3.3. O Eurasianismo Clássico

“Entender o pensamento geopolítico russo, após uma grande ruptura, tal qual ocorreu com a URSS, exige a adoção de uma perspetiva distinta, uma vez que a Rússia sempre foi um ator importante e diferenciado do sistema internacional, principalmente, por seu conhecido espaço de influência que sofreu um duro golpe, tanto geográfico quanto político” (Teixeira, 2009: 131). “Após suplantar a grande crise dos anos de transição, a Rússia procura retomar a uma posição de destaque no cenário político-estratégico mundial, buscando reagir à ofensiva estratégica do Ocidente na Eurásia, representada, por exemplo, pela distribuição geopolítica das novas bases norte-americanas, ocorridas nos anos 1990, que correspondem a um ‘novo cordão sanitário’” (ibid, 2009: 137). Essa reação da jovem Rússia face as ações do Ocidente (liderado pelos EUA) tem encontrado uma forte estrutura de apoio no eurasianismo ou neo-eurasianismo de Dugin.

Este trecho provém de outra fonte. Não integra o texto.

(* For $p,q>0$, $x\ge0$ and $0\le y<1$, with $z=\tfrac12xy$, the series below converge and $$B_{p,q}(x,y)=\frac{e^{-x/2}y^p(1-y)^q}{pB(p,q)}\sum_{j=0}^\infty y^j\frac{(p+q)_j}{(p+1)_j}M(p+q+j,p+1+j,z) =\frac{e^{x(y-1)/2}y^p(1-y)^q}{pB(p,q)}\sum_{j=0}^\infty y^j\frac{(p+q)_j}{(p+1)_j}M(1-q,p+1+j,-z).$$ Equivalently, $B_{p,q}(x,y)=\frac{e^{-x/2}y^p(1-y)^q}{pB(p,q)}\sum_{j=0}^\infty y^j\,\frac{d^j}{dz^j}M(p+q,p+1,z)$.
   Context: For $p,q>0$ and $0\le y\le 1$, $I_y(p,q)=\frac{1}{B(p,q)}\int_0^y t^{p-1}(1-t)^{q-1}\,dt$ is the regularized incomplete beta function, with $B(p,q)=\Gamma(p)\Gamma(q)/\Gamma(p+q)$. The cumulative noncentral beta distribution is $B_{p,q}(x,y)=e^{-x/2}\sum_{j=0}^\infty \frac{1}{j!}\left(\frac x2\right)^j I_y(p+j,q)$ for $x\ge0$. $M(a,b,z)=\sum_{n\ge0}\frac{(a)_n}{(b)_n}\frac{z^n}{n!}$ is Kummer's confluent hypergeometric function, and $(a)_n$ is the Pochhammer symbol. *)

theory Defs
  imports "HOL-Analysis.Analysis"
begin

definition inc_beta :: "real \<Rightarrow> real \<Rightarrow> real \<Rightarrow> real" where
  "inc_beta y p q = integral {0..y} (\<lambda>t. t powr (p - 1) * (1 - t) powr (q - 1)) / Beta p q"

definition noncentral_beta :: "real \<Rightarrow> real \<Rightarrow> real \<Rightarrow> real \<Rightarrow> real" where
  "noncentral_beta p q x y =
     exp (- x / 2) * (\<Sum>j. (x / 2) ^ j / fact j * inc_beta y (p + real j) q)"

definition kummerM :: "real \<Rightarrow> real \<Rightarrow> real \<Rightarrow> real" where
  "kummerM a b z = (\<Sum>n. pochhammer a n / pochhammer b n * z ^ n / fact n)"

end

theory Submission
  imports Defs "HOL-Computational_Algebra.Formal_Power_Series" "HOL-Real_Asymp.Real_Asymp"
begin

text \<open>
  The antiderivative of t^(a-1) (1-t)^(q-1) is t^a (1-t)^q S(t) / a, where
  S(t) = sum_k (a+q)_k/(a+1)_k t^k is the Gauss series 2F1(1, a+q; a+1; t): it solves
  a S - (a+q) t S + t (1-t) S' = a. Hence I_y(a,q) = y^a (1-y)^q S(y) / (a B(a,q)), and with
  a = p + j and z = x y / 2 the noncentral beta series becomes a double series with nonnegative
  terms z^j/j! (p+q)_(j+k)/(p+1)_(j+k) y^k. Summing over j first produces the Kummer functions
  M(p+q+k, p+1+k, z). Kummer's transformation M(a,b,z) = e^z M(b-a,b,-z) gives the second form,
  and d^j/dz^j M(a,b,z) = (a)_j/(b)_j M(a+j,b+j,z) the third.
\<close>

definition kummer_coeff :: "real \<Rightarrow> real \<Rightarrow> nat \<Rightarrow> real" where
  "kummer_coeff a b n = pochhammer a n / pochhammer b n / fact n"

lemma kummerM_eq_suminf: "kummerM a b z = (\<Sum>n. kummer_coeff a b n * z ^ n)"
  unfolding kummerM_def kummer_coeff_def by (simp add: field_simps)

lemma kummer_coeff_Suc:
  assumes "b > 0"
  shows "kummer_coeff a b (Suc n) = kummer_coeff a b n * (a + n) / ((b + n) * (n + 1))"
proof -
  have "pochhammer b n > 0" using assms by (intro pochhammer_pos) auto
  with assms show ?thesis unfolding kummer_coeff_def by (simp add: pochhammer_Suc field_simps)
qed

lemma summable_norm_kummer_coeff:
  assumes b: "b > 0"
  shows "summable (\<lambda>n. norm (kummer_coeff a b n * z ^ n))"
proof -
  define C where "C = \<bar>a\<bar> / b + 1"
  show ?thesis
  proof (rule summable_ratio_test[where c = "1/2" and N = "nat \<lceil>2 * C * \<bar>z\<bar>\<rceil>"])
    fix n assume "n \<ge> nat \<lceil>2 * C * \<bar>z\<bar>\<rceil>"
    then have n: "2 * C * \<bar>z\<bar> \<le> n + 1" by linarith
    have "0 \<le> \<bar>a\<bar> / b * n" using b by simp
    then have "\<bar>a + n\<bar> \<le> \<bar>a\<bar> + \<bar>a\<bar> / b * n + b + n" using b by linarith
    also have "\<dots> = C * (b + n)" using b unfolding C_def by (simp add: field_simps)
    finally have "\<bar>a + n\<bar> * \<bar>z\<bar> \<le> C * \<bar>z\<bar> * (b + n)"
      by (metis mult_right_mono abs_ge_zero mult.assoc mult.commute)
    also have "\<dots> \<le> (n + 1) / 2 * (b + n)" using n b by (intro mult_right_mono) auto
    finally have bound: "\<bar>a + n\<bar> * \<bar>z\<bar> \<le> (b + n) * (n + 1) / 2" by (simp add: mult_ac)
    have "(b + n) * (n + 1) > 0" using b by simp
    then have "\<bar>(a + n) / ((b + n) * (n + 1)) * z\<bar> = \<bar>a + n\<bar> * \<bar>z\<bar> / ((b + n) * (n + 1))"
      using b by (simp add: abs_mult)
    also have "\<dots> \<le> 1 / 2" using bound \<open>(b + n) * (n + 1) > 0\<close> by (simp add: divide_le_eq)
    finally have ratio: "\<bar>(a + n) / ((b + n) * (n + 1)) * z\<bar> \<le> 1 / 2" .
    have "kummer_coeff a b (Suc n) * z ^ Suc n =
        kummer_coeff a b n * z ^ n * ((a + n) / ((b + n) * (n + 1)) * z)"
      unfolding kummer_coeff_Suc[OF b] by simp
    then have "norm (kummer_coeff a b (Suc n) * z ^ Suc n) =
        norm (kummer_coeff a b n * z ^ n) * \<bar>(a + n) / ((b + n) * (n + 1)) * z\<bar>"
      by (simp only: real_norm_def abs_mult)
    also have "\<dots> \<le> norm (kummer_coeff a b n * z ^ n) * (1 / 2)"
      using ratio by (rule mult_left_mono) simp
    finally show "norm (norm (kummer_coeff a b (Suc n) * z ^ Suc n)) \<le>
        1/2 * norm (norm (kummer_coeff a b n * z ^ n))" by simp
  qed simp
qed
(* Let $F$ be a field of characteristic not $2$, $D$ a division quaternion algebra over $F$, and let $G=D^\times\times D^\times\times\mathrm{GL}_2$ act on $V=D\oplus D$ by $(x,y)\cdot\rho(g_1,g_2,g_3)=(g_1^{-1}xg_2,\,g_1^{-1}yg_2)g_3$. Then there are exactly two singular $G(F)$-orbits in $V(F)$ (orbits of elements $x$ with $P(x)=0$): the orbit of $(0,0)$ and the orbit of $(0,1)$.
   Context: Here $(x,y)g_3$ for $g_3=\left(\begin{smallmatrix}a&b\\c&d\end{smallmatrix}\right)$ means $(ax+cy,\,bx+dy)$. $x\mapsto x^\iota$ is the standard involution of $D$, and $P(x,y)=-\mathrm{Nrd}(xy^\iota-yx^\iota)$, where $\mathrm{Nrd}(z)=zz^\iota$ is the reduced norm. *)

theory Defs
  imports Main
begin

text \<open>Quaternion algebra (a,b)_F over a field F (char not 2), with basis 1,i,j,k,
  i^2 = a, j^2 = b, k = ij = -ji. Elements are coordinate 4-tuples.\<close>

datatype 'f quat = Quat 'f 'f 'f 'f

fun qmul :: "'f::field \<Rightarrow> 'f \<Rightarrow> 'f quat \<Rightarrow> 'f quat \<Rightarrow> 'f quat" where
  "qmul a b (Quat x0 x1 x2 x3) (Quat y0 y1 y2 y3) =
     Quat (x0*y0 + a*x1*y1 + b*x2*y2 - a*b*x3*y3)
          (x0*y1 + x1*y0 - b*x2*y3 + b*x3*y2)
          (x0*y2 + x2*y0 + a*x1*y3 - a*x3*y1)
          (x0*y3 + x3*y0 + x1*y2 - x2*y1)"

fun qadd :: "'f::field quat \<Rightarrow> 'f quat \<Rightarrow> 'f quat" where
  "qadd (Quat x0 x1 x2 x3) (Quat y0 y1 y2 y3) = Quat (x0+y0) (x1+y1) (x2+y2) (x3+y3)"

fun qsub :: "'f::field quat \<Rightarrow> 'f quat \<Rightarrow> 'f quat" where
  "qsub (Quat x0 x1 x2 x3) (Quat y0 y1 y2 y3) = Quat (x0-y0) (x1-y1) (x2-y2) (x3-y3)"

fun qscale :: "'f::field \<Rightarrow> 'f quat \<Rightarrow> 'f quat" where
  "qscale c (Quat x0 x1 x2 x3) = Quat (c*x0) (c*x1) (c*x2) (c*x3)"

definition qzero :: "'f::field quat" where "qzero = Quat 0 0 0 0"
definition qone :: "'f::field quat" where "qone = Quat 1 0 0 0"

fun qconj :: "'f::field quat \<Rightarrow> 'f quat" where
  "qconj (Quat x0 x1 x2 x3) = Quat x0 (-x1) (-x2) (-x3)"

text \<open>Reduced norm Nrd(z) = z z^\<iota> (a scalar; we take its 1-coordinate).\<close>
fun scalar_part :: "'f quat \<Rightarrow> 'f" where
  "scalar_part (Quat x0 _ _ _) = x0"

definition nrd :: "'f::field \<Rightarrow> 'f \<Rightarrow> 'f quat \<Rightarrow> 'f" where
  "nrd a b z = scalar_part (qmul a b z (qconj z))"

definition is_division :: "'f::field \<Rightarrow> 'f \<Rightarrow> bool" where
  "is_division a b \<longleftrightarrow> (\<forall>z. z \<noteq> qzero \<longrightarrow> (\<exists>w. qmul a b z w = qone \<and> qmul a b w z = qone))"

definition qunits :: "'f::field \<Rightarrow> 'f \<Rightarrow> 'f quat set" where
  "qunits a b = {z. \<exists>w. qmul a b z w = qone \<and> qmul a b w z = qone}"

definition qinv :: "'f::field \<Rightarrow> 'f \<Rightarrow> 'f quat \<Rightarrow> 'f quat" where
  "qinv a b z = (SOME w. qmul a b z w = qone \<and> qmul a b w z = qone)"

text \<open>GL_2(F): matrices (p,q,r,s) = [[p,q],[r,s]] with nonzero determinant.\<close>
definition GL2 :: "('f::field \<times> 'f \<times> 'f \<times> 'f) set" where
  "GL2 = {(p,q,r,s). p*s - q*r \<noteq> 0}"

text \<open>(x,y)\<cdot>\<rho>(g1,g2,g3) = (g1^{-1} x g2, g1^{-1} y g2) g3, where
  (x,y)[[p,q],[r,s]] = (p x + r y, q x + s y).\<close>
definition act :: "'f::field \<Rightarrow> 'f \<Rightarrow> 'f quat \<times> 'f quat \<Rightarrow> 'f quat \<Rightarrow> 'f quat
                    \<Rightarrow> 'f \<times> 'f \<times> 'f \<times> 'f \<Rightarrow> 'f quat \<times> 'f quat" where
  "act a b v g1 g2 g3 =
     (let x' = qmul a b (qmul a b (qinv a b g1) (fst v)) g2;
          y' = qmul a b (qmul a b (qinv a b g1) (snd v)) g2;
          (p,q,r,s) = g3
      in (qadd (qscale p x') (qscale r y'), qadd (qscale q x') (qscale s y')))"

definition orbit :: "'f::field \<Rightarrow> 'f \<Rightarrow> 'f quat \<times> 'f quat \<Rightarrow> ('f quat \<times> 'f quat) set" where
  "orbit a b v = {act a b v g1 g2 g3 | g1 g2 g3.
                    g1 \<in> qunits a b \<and> g2 \<in> qunits a b \<and> g3 \<in> GL2}"

definition Pform :: "'f::field \<Rightarrow> 'f \<Rightarrow> 'f quat \<times> 'f quat \<Rightarrow> 'f" where
  "Pform a b v = - nrd a b (qsub (qmul a b (fst v) (qconj (snd v)))
                                 (qmul a b (snd v) (qconj (fst v))))"

end

theory Submission
  imports Defs
begin

text \<open>Write \<open>v = (x, y)\<close> and \<open>z = x y\<^sup>\<iota>\<close>. Then \<open>x y\<^sup>\<iota> - y x\<^sup>\<iota> = z - z\<^sup>\<iota>\<close> is a pure
  quaternion, and \<open>P(v) = 0\<close> says that its reduced norm vanishes. Since \<open>D\<close> is a division
  algebra the norm form is anisotropic, so \<open>z\<close> is a scalar \<open>c\<close> (here \<open>2 \<noteq> 0\<close> is used). If
  \<open>x \<noteq> 0\<close>, multiplying \<open>y x\<^sup>\<iota> = c\<close> on the right by \<open>x\<close> gives \<open>y = t x\<close> with \<open>t = c / Nrd x\<close>,
  so \<open>v = (0, 1)\<cdot>\<rho>(1, x, g\<^sub>3)\<close> with \<open>g\<^sub>3 = [[0, -1], [1, t]]\<close>; if \<open>x = 0 \<noteq> y\<close> then
  \<open>v = (0, 1)\<cdot>\<rho>(1, y, 1)\<close>. Hence every singular \<open>v \<noteq> 0\<close> lies in the orbit of \<open>(0, 1)\<close>,
  while the orbit of \<open>(0, 0)\<close> is a single point.\<close>

lemma qmul_assoc: "qmul a b (qmul a b x y) z = qmul a b x (qmul a b y z)"
  by (cases x; cases y; cases z) (simp add: algebra_simps)

lemma qmul_qone_left [simp]: "qmul a b qone x = x"
  by (cases x) (simp add: qone_def)
lemma graded_iso_twisted_inv_from_twisted:
  "graded_iso_twisted scale Ac cocycle (inv from_twisted)"
proof -
  have bij: "bij from_twisted"
    using from_twisted_inj from_twisted_surj by (rule bijI)
  then have inv_left: "inv from_twisted (from_twisted u) = u"
    and inv_right: "from_twisted (inv from_twisted x) = x" for u x
    by (simp_all add: bij_is_inj bij_is_surj surj_f_inv_f)
  have "module_hom tw_scale scale from_twisted"
    using vector_space_tw_scale V.vector_space_axioms
    by (auto simp: module_hom_iff_linear Vector_Spaces.linear_iff from_twisted_add from_twisted_scale)
  then have linear: "Vector_Spaces.linear scale tw_scale (inv from_twisted)"
    using bij by (simp add: bij_module_hom_imp_inv_module_hom flip: module_hom_iff_linear)
  have mult: "inv from_twisted (x * y) =
      tw_mult cocycle (inv from_twisted x) (inv from_twisted y)" for x y
  proof -
    have "x * y = from_twisted (tw_mult cocycle (inv from_twisted x) (inv from_twisted y))"
      by (simp only: from_twisted_mult inv_right)
    then show ?thesis by (simp only: inv_left)
  qed
  have comp: "inv from_twisted ` Ac g = tw_comp g" for g
    by (simp only: from_twisted_comp[of g, symmetric] image_image inv_left image_ident)
  show ?thesis
    unfolding graded_iso_twisted_def
    using linear bij_imp_bij_inv[OF bij] mult comp by blast
qed

end

lemma regular_grading_products_nonzero:
  assumes "regular_grading Ac \<beta>"
  shows "\<exists>a\<in>Ac g. \<exists>b\<in>Ac h. a * b \<noteq> 0"
proof -
  obtain as where len: "length as = length [g, h]"
    and homogeneous: "\<forall>i<length [g, h]. as ! i \<in> Ac ([g, h] ! i)" and nonzero: "prod_list as \<noteq> 0"
    using assms unfolding regular_grading_def by blast
  obtain a b where as: "as = [a, b]"
    using len by (auto simp: length_Suc_conv)
  have "a \<in> Ac g" "b \<in> Ac h"
    using homogeneous unfolding as by auto
  moreover have "a * b \<noteq> 0"
    using nonzero unfolding as by simp
  ultimately show ?thesis
    by blast
qed

theorem mainTheorem1:
  fixes scale :: "'k::field_char_0 \<Rightarrow> 'a::ring_1 \<Rightarrow> 'a"
    and Ac :: "G4 \<Rightarrow> 'a set"
    and \<beta> :: "G4 \<Rightarrow> G4 \<Rightarrow> 'k"
  assumes "alg_closed TYPE('k)"
    and "is_algebra scale"
    and "fin_dim scale"
    and "is_grading scale Ac"
    and "regular_grading Ac \<beta>"
    and "has_bicharacter scale Ac \<beta>"
    and "Ac 0 = range (\<lambda>c. scale c 1)"
  shows "\<exists>\<alpha> :: G4 \<Rightarrow> G4 \<Rightarrow> 'k. two_cocycle \<alpha> \<and> induces \<alpha> \<beta> \<and>
           (\<exists>\<phi>. graded_iso_twisted scale Ac \<alpha> \<phi>)"
proof -
  interpret scalar_neutral_graded_algebra scale Ac
  proof unfold_locales
    show "\<exists>a\<in>Ac g. \<exists>b\<in>Ac h. a * b \<noteq> 0" for g h
      using assms(5) by (rule regular_grading_products_nonzero)
  qed (fact assms)+
  show ?thesis
    using two_cocycle_cocycle cocycle_induces[OF assms(6)] graded_iso_twisted_inv_from_twisted
    by (intro exI conjI)
qed

end
(* Let $(D_d)_{d\in\mathbb{N}}$ be an arbitrary sequence of open sets $D_d\subset\mathbb{R}^d$ with $\lambda_d(D_d)=1$, let $(L_d)$ be positive numbers and let \[ \overline{C}_d^0(L)=\{f|_{D_d} \mid f\colon\mathbb{R}^d\to\mathbb{R},\ \sup_{x\in\mathbb R^d}|f(x)|\le 1,\ \operatorname{Lip}(f)\le L_d\}. \] Then \[ n\bigl(\varepsilon,\overline{C}_d^0(L)\bigr)\ge (1-a\varepsilon)\Bigl(\frac{aL_d\sqrt d}{3\sqrt{2e\pi}}\Bigr)^d \] for all $a\ge1$, $\varepsilon\in(0,1/a)$ and $d\in\mathbb{N}$. Consequently, the curse of dimensionality holds for $(\overline{C}_d^0(L))_d$ if $\limsup_{d\to\infty}L_d\sqrt d>0$.
   Context: $\operatorname{Lip}(f)=\sup_{x\ne y}|f(x)-f(y)|/\|x-y\|_2$. Integration problem: approximate $S_d(f)=\int_{D_d}f(x)\,dx$ for $f\in F_d$ by algorithms $A_{n,d}(f)=\phi_{n,d}(f(x_1),\dots,f(x_n))$ with points $x_j\in D_d$ possibly adaptively chosen and arbitrary $\phi_{n,d}\colon\mathbb R^n\to\mathbb R$. Worst-case error $e(A_{n,d})=\sup_{f\in F_d}|S_d(f)-A_{n,d}(f)|$; information complexity $n(\varepsilon,F_d)$ is the minimal $n$ such that some $A_{n,d}$ has error $\le\varepsilon$. The curse of dimensionality holds if there exist $c,\varepsilon_0,\gamma>0$ with $n(\varepsilon,F_d)\ge c(1+\gamma)^d$ for all $\varepsilon\le\varepsilon_0$ and infinitely many $d$. *)

theory Defs
  imports "HOL-Analysis.Analysis" "HOL-Probability.Probability"
begin

text \<open>R^d is represented by functions nat => real that are extensional on {..<d}
  (the set PiE {..<d} (\<lambda>_. UNIV)); lambda_d is the product Lebesgue measure.\<close>

definition Rd :: "nat \<Rightarrow> (nat \<Rightarrow> real) set" where
  "Rd d = PiE {..<d} (\<lambda>_. UNIV)"

definition lebesgue_d :: "nat \<Rightarrow> (nat \<Rightarrow> real) measure" where
  "lebesgue_d d = PiM {..<d} (\<lambda>_. lborel)"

Segundo Matos, “o termo eurasianismo apresenta diversas acepções. Surge pela primeira vez no século XIX, cunhado pelo movimento eslavófilo que defendia a rica diversidade da Eurásia, numa espécie de outra via que não europeia ou asiática, e que juntasse a cultura e a tradição da Ortodoxia e da Rússia. Esse foi, pois, seu primeiro uso” (2012: 71).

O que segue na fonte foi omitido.